Figure 1. MDA-MB-231 cells form collectively invading chains in CIA.

(A) Photos from a time-lapse video of MDA-MB-231 cells invading into Matrigel in CIA showing the formation of long invasion chains at the invading wound edge. Scale bar 50 µm. (B) Cells in a large finger-like chain at the leading edge of a CIA are shown fixed and stained with actin (red), and DNA (blue). Scale bar 20 µm. (C) Actin (red), N-WASP (green) and DAPI (blue) staining of a cell chain at the front of the invading area. White arrowheads indicate puncta of N-WASP co-localizing with filamentous actin. Scale bar 20 µm. (D) Image sequence showing an invading cell actively remodeling the matrix and generating what appear as micro-tunnels (white arrow). Scale bar 20 µm. (E) Staining of actin (red) and DNA (blue) of cell invasion chains in inverted invasion assay and visualized by confocal microscopy. Image showing collective cell invasion chains on single plane (left panel) and the side view of z-stack 3D projection (right panel). Scale bar 20 µm. See also Movies S1, S2, S3.

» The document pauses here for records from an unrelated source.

(* Assume Assumptions 1 and 2 hold, $\Delta=\{\delta:\|\delta\|_2\le\varepsilon\}$, and that with probability 1 every gradient $\nabla_\delta h(w,\delta;z)$ evaluated during training satisfies $\|\nabla_\delta h(w,\delta;z)\|\ge1/\psi$ for a constant $\psi>0$. Let $S,S'$ be datasets of size $n$ differing only in one sample $s$, and consider coupled runs of $A_{\text{Fast}}$ with iterates $w_t,w'_t$ and $d^{(w)}_t=\|w_t-w'_t\|$. Then for every step $t$, $$\mathbb E[d^{(w)}_t]\le\big(1+\alpha_{w,t}\beta(1+\tilde\alpha_\delta\varepsilon\psi\beta)\big)\mathbb E[d^{(w)}_{t-1}]+\frac2n\alpha_{w,t}L.$$
   Context: Loss $h(w,\delta;z)$, $w\in W$ Euclidean, Euclidean norms. Assumption 1: for every $z$, and all $w,w'\in W$, $\delta,\delta'\in\Delta$: $|h(w,\delta;z)-h(w',\delta';z)|^2\le L^2(\|w-w'\|^2+\|\delta-\delta'\|^2)$ and $|h(w,\delta;z)-h(w',\delta;z)|\le L_w\|w-w'\|$. Assumption 2: for every $z$, $h(\cdot,\cdot;z)$ is continuously differentiable and $\|\nabla_w h(w,\delta;z)-\nabla_w h(w',\delta';z)\|^2+\|\nabla_\delta h(w,\delta;z)-\nabla_\delta h(w',\delta';z)\|^2\le\beta^2(\|w-w'\|^2+\|\delta-\delta'\|^2)$. Operators: $\mathcal P_\Delta(g)=\arg\min_{\delta\in\Delta}\|g-\delta\|$ and $\pi_\Delta(g)=\varepsilon g/\|g\|$ (the nearest extreme point of $\Delta$). Algorithm $A_{\text{Fast}}$ (batch size $b$, step sizes $\alpha_{w,t}$, attack step size $\tilde\alpha_\delta$): for $t=1,\dots,T$: draw a uniformly random mini-batch $B_t\subset S$ of size $b$; for each $z_j\in B_t$ draw $\tilde\delta_j$ uniformly in $\Delta$ and set $\delta_j=\mathcal P_\Delta(\tilde\delta_j+\tilde\alpha_\delta\pi_\Delta(\nabla_\delta h(w_{t-1},\tilde\delta_j;z_j)))$; set $w_t=w_{t-1}-\frac{\alpha_{w,t}}{b}\sum_{z_j\in B_t}\nabla_w h(w_{t-1},\delta_j;z_j)$. Coupling: both runs use the same initialization, the same mini-batch index sets (so batches differ only when $s\in B_t$, probability $b/n$) and the same random starts $\tilde\delta_j$. *)

theory Defs
  imports "HOL-Probability.Probability"
begin

abbreviation Delta :: "real \<Rightarrow> 'd::euclidean_space set" where
  "Delta eps \<equiv> cball 0 eps"

definition proj_Delta :: "real \<Rightarrow> 'd::euclidean_space \<Rightarrow> 'd" where
  "proj_Delta eps g = closest_point (Delta eps) g"

definition pi_Delta :: "real \<Rightarrow> 'd::euclidean_space \<Rightarrow> 'd" where
  "pi_Delta eps g = (eps / norm g) *\<^sub>R g"

text \<open>One step of A_Fast: given current iterate w, mini-batch index set B,
  random starts D j (for sample index j), dataset Z, step size a.\<close>
definition fast_step ::
  "('w::euclidean_space \<Rightarrow> 'd::euclidean_space \<Rightarrow> 'z \<Rightarrow> 'w) \<Rightarrow> ('w \<Rightarrow> 'd \<Rightarrow> 'z \<Rightarrow> 'd) \<Rightarrow>
   real \<Rightarrow> real \<Rightarrow> nat \<Rightarrow> (nat \<Rightarrow> 'z) \<Rightarrow> real \<Rightarrow> 'w \<Rightarrow> nat set \<Rightarrow> (nat \<Rightarrow> 'd) \<Rightarrow> 'w" where
  "fast_step gw gd eps a_delta b Z a w B D =
     w - (a / real b) *\<^sub>R
       (\<Sum>j\<in>B. gw w (proj_Delta eps (D j + a_delta *\<^sub>R pi_Delta eps (gd w (D j) (Z j)))) (Z j))"

primrec fast_iter ::
  "('w::euclidean_space \<Rightarrow> 'd::euclidean_space \<Rightarrow> 'z \<Rightarrow> 'w) \<Rightarrow> ('w \<Rightarrow> 'd \<Rightarrow> 'z \<Rightarrow> 'd) \<Rightarrow>
   real \<Rightarrow> real \<Rightarrow> nat \<Rightarrow> (nat \<Rightarrow> 'z) \<Rightarrow> (nat \<Rightarrow> real) \<Rightarrow> 'w \<Rightarrow>
   (nat \<Rightarrow> nat set) \<Rightarrow> (nat \<Rightarrow> nat \<Rightarrow> 'd) \<Rightarrow> nat \<Rightarrow> 'w" where
  "fast_iter gw gd eps a_delta b Z alpha w0 Bs Ds 0 = w0"
| "fast_iter gw gd eps a_delta b Z alpha w0 Bs Ds (Suc t) =
     fast_step gw gd eps a_delta b Z (alpha (Suc t))
       (fast_iter gw gd eps a_delta b Z alpha w0 Bs Ds t) (Bs (Suc t)) (Ds (Suc t))"

definition step_dist :: "nat \<Rightarrow> nat \<Rightarrow> real \<Rightarrow> (nat set \<times> (nat \<Rightarrow> 'd::euclidean_space)) measure" where
  "step_dist n b eps =
     measure_pmf (pmf_of_set {B. B \<subseteq> {..<n} \<and> card B = b})
       \<Otimes>\<^sub>M (\<Pi>\<^sub>M j\<in>{..<n}. uniform_measure lborel (Delta eps))"

end

theory Submission
  imports Defs
begin

text \<open>Fix the randomness and compare one step of the two coupled runs sample by sample.
  For a sample of the batch other than the replaced one, the two adversarial points differ
  only through the iterate: the projection onto \<open>\<Delta>\<close> is nonexpansive, and on gradients of norm
  at least \<open>1/\<psi>\<close> the map \<open>g \<mapsto> \<epsilon> g/\<parallel>g\<parallel>\<close> is \<open>\<epsilon>\<psi>\<close>-Lipschitz, so the adversarial point moves by at
  most \<open>\<alpha>\<^sub>\<delta>\<epsilon>\<psi>\<beta>\<parallel>w - w'\<parallel>\<close> and the \<open>w\<close>-gradient by at most \<open>\<beta>(1 + \<alpha>\<^sub>\<delta>\<epsilon>\<psi>\<beta>)\<parallel>w - w'\<parallel>\<close>.
  The replaced sample contributes at most \<open>2L\<close>, since the \<open>w\<close>-gradient is bounded by the
  Lipschitz constant of the loss; it lies in the batch with probability \<open>b/n\<close>. Taking
  expectations of this pointwise recursion gives the claim.\<close>

lemma norm_normalize_diff_le:
  fixes u v :: "'a::real_inner"
  assumes v_pos: "0 < norm v" and v_le_u: "norm v \<le> norm u"
  shows "norm (u /\<^sub>R norm u - v /\<^sub>R norm v) \<le> norm (u - v) / norm v"
proof -
  define a c p where "a = norm u" and "c = norm v" and "p = inner u v"
  have pos: "0 < c" "c \<le> a" using assms by (auto simp: a_def c_def)
  have cs: "p \<le> a * c" unfolding p_def a_def c_def by (rule norm_cauchy_schwarz)
  have sq: "inner u u = a\<^sup>2" "inner v v = c\<^sup>2"
    by (simp_all add: a_def c_def power2_norm_eq_inner)
  have lhs: "(norm (u /\<^sub>R a - v /\<^sub>R c))\<^sup>2 = 2 - 2 * p / (a * c)"
  proof -
    have "(norm (u /\<^sub>R a - v /\<^sub>R c))\<^sup>2 = inner (u /\<^sub>R a - v /\<^sub>R c) (u /\<^sub>R a - v /\<^sub>R c)"
      by (simp add: power2_norm_eq_inner)
    also have "\<dots> = inner u u / a\<^sup>2 - 2 * p / (a * c) + inner v v / c\<^sup>2"
      by (simp add: inner_diff_left inner_diff_right inner_commute p_def power2_eq_square
          algebra_simps divide_inverse)
    finally have "(norm (u /\<^sub>R a - v /\<^sub>R c))\<^sup>2 = inner u u / a\<^sup>2 - 2 * p / (a * c) + inner v v / c\<^sup>2" .
    then show ?thesis using pos sq by simp
  qed
  have rhs: "(norm (u - v) / c)\<^sup>2 = (a\<^sup>2 + c\<^sup>2 - 2 * p) / c\<^sup>2"
    using sq by (simp add: power_divide power2_norm_eq_inner inner_diff_left inner_diff_right
        inner_commute p_def)
  have "0 \<le> (a - c) * (a * (a + c) - 2 * p)"
  proof (rule mult_nonneg_nonneg)
    have "a * c \<le> a * a" using pos by (intro mult_left_mono) auto
    then show "0 \<le> a * (a + c) - 2 * p" using cs by (simp add: algebra_simps)
  qed (use pos in simp)
  moreover have "(a\<^sup>2 + c\<^sup>2 - 2 * p) / c\<^sup>2 - (2 - 2 * p / (a * c))
      = (a - c) * (a * (a + c) - 2 * p) / (a * c\<^sup>2)"
    using pos by (simp add: field_simps power2_eq_square)
  ultimately have "(norm (u /\<^sub>R a - v /\<^sub>R c))\<^sup>2 \<le> (norm (u - v) / c)\<^sup>2"
    unfolding lhs rhs using pos by (smt (verit) divide_nonneg_nonneg zero_le_power2 mult_nonneg_nonneg)
  then have "norm (u /\<^sub>R a - v /\<^sub>R c) \<le> norm (u - v) / c"
    by (rule power2_le_imp_le) (use pos in simp)
  then show ?thesis by (simp only: a_def c_def)
qed

lemma norm_scaled_normalize_diff_le:
  fixes u v :: "'a::real_inner"
  assumes m: "0 < m" "m \<le> norm u" "m \<le> norm v" and e: "0 \<le> e"
  shows "norm ((e / norm u) *\<^sub>R u - (e / norm v) *\<^sub>R v) \<le> e * norm (u - v) / m"
proof -
  have "norm (x /\<^sub>R norm x - y /\<^sub>R norm y) \<le> norm (x - y) / m"
    if "m \<le> norm x" "m \<le> norm y" "norm y \<le> norm x" for x y :: 'a
  proof -
    have "norm (x /\<^sub>R norm x - y /\<^sub>R norm y) \<le> norm (x - y) / norm y"
      using that m by (intro norm_normalize_diff_le) auto
    also have "\<dots> \<le> norm (x - y) / m"
      using that m by (intro divide_left_mono) (auto intro!: mult_pos_pos)
    finally show ?thesis .
  qed
  from this[of u v] this[of v u] m
  have "norm (u /\<^sub>R norm u - v /\<^sub>R norm v) \<le> norm (u - v) / m"
    by (cases "norm v \<le> norm u") (auto simp: norm_minus_commute)
  moreover have "(e / norm u) *\<^sub>R u - (e / norm v) *\<^sub>R v = e *\<^sub>R (u /\<^sub>R norm u - v /\<^sub>R norm v)"
    by (simp add: scaleR_diff_right divide_inverse)
  ultimately show ?thesis
    using e by (simp add: mult_left_mono[OF _ e, of _ "norm (u - v) / m", simplified])
qed

lemma norm_pi_Delta_diff_le:
  assumes "0 < psi" "0 \<le> eps" "1 / psi \<le> norm g" "1 / psi \<le> norm g'"
  shows "norm (pi_Delta eps g - pi_Delta eps g') \<le> eps * psi * norm (g - g')"
  using norm_scaled_normalize_diff_le[of "1 / psi" g g' eps] assms
  unfolding pi_Delta_def by (simp add: mult_ac)

lemma proj_Delta_in_Delta:
  assumes "0 \<le> eps" shows "proj_Delta eps x \<in> Delta eps"
  unfolding proj_Delta_def using assms by (intro closest_point_in_set) auto

lemma norm_proj_Delta_diff_le:
  assumes "0 \<le> eps" shows "norm (proj_Delta eps x - proj_Delta eps y) \<le> norm (x - y)"
  using closest_point_lipschitz[of "Delta eps" x y] assms
  unfolding proj_Delta_def dist_norm by auto

lemma norm_gradient_le_lipschitz:
  fixes f :: "'a::real_inner \<Rightarrow> real"
  assumes deriv: "(f has_derivative (\<lambda>v. inner g v)) (at x)"
    and lip: "\<And>y. \<bar>f y - f x\<bar> \<le> L * norm (y - x)" and L: "0 \<le> L"
  shows "norm g \<le> L"
proof (cases "g = 0")
  case False
  define \<phi> where "\<phi> t = f (x + t *\<^sub>R g)" for t :: real
  have line: "((\<lambda>t::real. x + t *\<^sub>R g) has_derivative (\<lambda>t. t *\<^sub>R g)) (at 0)"
    by (auto intro!: derivative_eq_intros)
  have "(f has_derivative (\<lambda>v. inner g v)) (at ((\<lambda>t::real. x + t *\<^sub>R g) 0))"
    using deriv by simp
  from has_derivative_compose[OF line this]
  have "(\<phi> has_derivative (\<lambda>t. inner g (t *\<^sub>R g))) (at 0)"
    unfolding \<phi>_def by (simp add: o_def)
  then have "(\<phi> has_derivative (\<lambda>t. t * (norm g)\<^sup>2)) (at 0)"
    by (simp add: power2_norm_eq_inner)
  then have "(\<phi> has_field_derivative (norm g)\<^sup>2) (at 0)"
    unfolding has_field_derivative_def by (simp add: mult.commute[of _ "(norm g)\<^sup>2"])
  then have lim: "((\<lambda>t. (\<phi> (0 + t) - \<phi> 0) / t) \<longlongrightarrow> (norm g)\<^sup>2) (at 0)"
    by (simp add: DERIV_def)
  have "\<forall>\<^sub>F t in at 0. \<bar>(\<phi> (0 + t) - \<phi> 0) / t\<bar> \<le> L * norm g"
    unfolding eventually_at_filter
  proof (intro always_eventually allI impI)
    fix t :: real assume "t \<noteq> 0" "t \<in> UNIV"
    moreover have "\<bar>\<phi> t - \<phi> 0\<bar> \<le> L * norm (t *\<^sub>R g)"
      unfolding \<phi>_def using lip[of "x + t *\<^sub>R g"] by simp
    ultimately show "\<bar>(\<phi> (0 + t) - \<phi> 0) / t\<bar> \<le> L * norm g"
      by (simp add: divide_le_eq mult.commute mult.left_commute)
  qed
  then have "\<bar>(norm g)\<^sup>2\<bar> \<le> L * norm g"
    by (rule tendsto_upperbound[OF tendsto_rabs[OF lim]]) simp
  then show ?thesis using False by (simp add: power2_eq_square)
qed (use L in simp)

definition fast_attack ::
  "('w \<Rightarrow> 'd::euclidean_space \<Rightarrow> 'z \<Rightarrow> 'd) \<Rightarrow> real \<Rightarrow> real \<Rightarrow> 'w \<Rightarrow> 'd \<Rightarrow> 'z \<Rightarrow> 'd" where
  "fast_attack gd eps a_delta w \<delta> z = proj_Delta eps (\<delta> + a_delta *\<^sub>R pi_Delta eps (gd w \<delta> z))"

lemma fast_step_eq:
  "fast_step gw gd eps a_delta b Z a w B D =
     w - (a / real b) *\<^sub>R (\<Sum>j\<in>B. gw w (fast_attack gd eps a_delta w (D j) (Z j)) (Z j))"
  unfolding fast_step_def fast_attack_def ..

locale smooth_loss =
  fixes h :: "'w::euclidean_space \<Rightarrow> 'd::euclidean_space \<Rightarrow> 'z \<Rightarrow> real"
    and gw :: "'w \<Rightarrow> 'd \<Rightarrow> 'z \<Rightarrow> 'w"
    and gd :: "'w \<Rightarrow> 'd \<Rightarrow> 'z \<Rightarrow> 'd"
    and L beta eps :: real
  assumes lipschitz: "\<And>z w w' \<delta> \<delta>'. \<delta> \<in> Delta eps \<Longrightarrow> \<delta>' \<in> Delta eps \<Longrightarrow>
        \<bar>h w \<delta> z - h w' \<delta>' z\<bar>\<^sup>2 \<le> L\<^sup>2 * ((norm (w - w'))\<^sup>2 + (norm (\<delta> - \<delta>'))\<^sup>2)"
    and gradient: "\<And>z w \<delta>. ((\<lambda>p. h (fst p) (snd p) z) has_derivative
        (\<lambda>p. inner (gw w \<delta> z) (fst p) + inner (gd w \<delta> z) (snd p))) (at (w, \<delta>))"
    and smooth: "\<And>z w w' \<delta> \<delta>'.
        (norm (gw w \<delta> z - gw w' \<delta>' z))\<^sup>2 + (norm (gd w \<delta> z - gd w' \<delta>' z))\<^sup>2
          \<le> beta\<^sup>2 * ((norm (w - w'))\<^sup>2 + (norm (\<delta> - \<delta>'))\<^sup>2)"
    and L_nonneg: "0 \<le> L" and beta_nonneg: "0 \<le> beta" and eps_nonneg: "0 \<le> eps"
begin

Cells in CIA have small focal adhesion complexes and long thin pseudopodia, unlike in 2D on glass

We compared the morphology of MDA-MB-231 cells in the CIA with and without Matrigel overlay. Without matrix, cells are well spread and form fan-like lamellipodia actin protrusions, while the cells in CIA invading under Matrigel assume an elongated shape that resembles cells in a 3D matrix (Fig. 2A–C and Movie S2 and S4). We used FA/FC markers p-paxillin and vinculin to compare the distribution of adhesions in cells migrating on 2D surfaces with cells in CIA under Matrigel. When cells were migrating on glass, small FC puncta were present in lamellipodia and larger FAs were distributed on the basal side of the cell (Fig. 2A and Movie S5). In CIA with Matrigel, phospho-paxillin and vinculin clustered primarily in small puncta near the tips of invading pseudodpods and throughout the cell body (Fig. 2A–B and Movie S6). Interestingly, these phospho-paxillin clusters co-localized with filamentous actin puncta, unlike focal adhesions in 2D. Using Z-stack confocal microscopy, we investigated the positioning of these FA/FC with respect to the glass surface or in the case of CIA, the surrounding matrix. Of cells migrating on 2D rigid surface, almost 100% of the FAs were located on the basal surface of the cell within 1 µm of the substratum as shown in (Fig. 2A and C and Movie S5). While in cells invading in CIA, about 60% of FAs reside near the glass, but a considerable proportion of them (about 40%) reside above the bottom 1 µm of the cells. Many of them localize at the cell dorsal surface and along the invading pseudopods, suggesting close contacts with the surrounding ECM (Fig. 2B and C and Movie S6).

Figure 2. Actin cytoskeletal and focal adhesion organization in MDA-MB-231 cells invading in CIA.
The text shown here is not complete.